[Dataset records]

lemma integral_past_future:
  fixes g :: "(nat \<Rightarrow> real) \<Rightarrow> real \<times> real \<Rightarrow> real"
  assumes g [measurable]: "case_prod g \<in> borel_measurable (past_space \<Otimes>\<^sub>M borel)"
    and bounded: "\<And>x z. \<bar>g x z\<bar> \<le> c"
  shows "(\<integral>\<omega>. g (past \<omega>) (future \<omega>) \<partial>M) = (\<integral>x. \<integral>z. g x z \<partial>cond_kernel x \<partial>first_law M X n)"
proof -
  have K: "(\<lambda>x. distr (cond_kernel x) (past_space \<Otimes>\<^sub>M borel) (Pair x))
      \<in> measurable (first_law M X n) (subprob_algebra (past_space \<Otimes>\<^sub>M borel))"
    by measurable
  have "(\<integral>\<omega>. g (past \<omega>) (future \<omega>) \<partial>M)
      = (\<integral>y. case_prod g y \<partial>distr M (past_space \<Otimes>\<^sub>M borel) (\<lambda>\<omega>. (past \<omega>, future \<omega>)))"
    by (subst integral_distr) simp_all
  also have "\<dots> = (\<integral>x. \<integral>y. case_prod g y \<partial>distr (cond_kernel x) (past_space \<Otimes>\<^sub>M borel) (Pair x)
      \<partial>first_law M X n)"
    unfolding distr_past_future_eq_bind
  proof (rule integral_bind[OF g _ K, where B'=1])
    show "\<bar>case_prod g y\<bar> \<le> c" for y using bounded by (simp add: split_beta)
    show "finite_measure (first_law M X n)"
      using prob_space_first_law by (rule prob_space.finite_measure)
    show "AE x in first_law M X n. emeasure (distr (cond_kernel x) (past_space \<Otimes>\<^sub>M borel) (Pair x))
        (space (distr (cond_kernel x) (past_space \<Otimes>\<^sub>M borel) (Pair x))) \<le> ennreal 1"
    proof (rule AE_I2)
      fix x assume "x \<in> space (first_law M X n)"
      then have "prob_space (distr (cond_kernel x) (past_space \<Otimes>\<^sub>M borel) (Pair x))"
        using prob_space_cond_kernel measurable_Pair_cond_kernel by (simp add: prob_space.prob_space_distr)
      then show "emeasure (distr (cond_kernel x) (past_space \<Otimes>\<^sub>M borel) (Pair x))
          (space (distr (cond_kernel x) (past_space \<Otimes>\<^sub>M borel) (Pair x))) \<le> ennreal 1"
        by (metis prob_space.emeasure_space_1 ennreal_1 order.refl)
    qed
  qed
  also have "\<dots> = (\<integral>x. \<integral>z. g x z \<partial>cond_kernel x \<partial>first_law M X n)"
    by (rule Bochner_Integration.integral_cong[OF refl]) (simp add: integral_joint_kernel[OF g])
  finally show ?thesis .
qed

[/Dataset records]

**To do:** What lines in the listing above hold the string "lambda"? List them.

**Solved problem:**
  have K: "(\<lambda>x. distr (cond_kernel x) (past_space \<Otimes>\<^sub>M borel) (Pair x))
      = (\<integral>y. case_prod g y \<partial>distr M (past_space \<Otimes>\<^sub>M borel) (\<lambda>\<omega>. (past \<omega>, future \<omega>)))"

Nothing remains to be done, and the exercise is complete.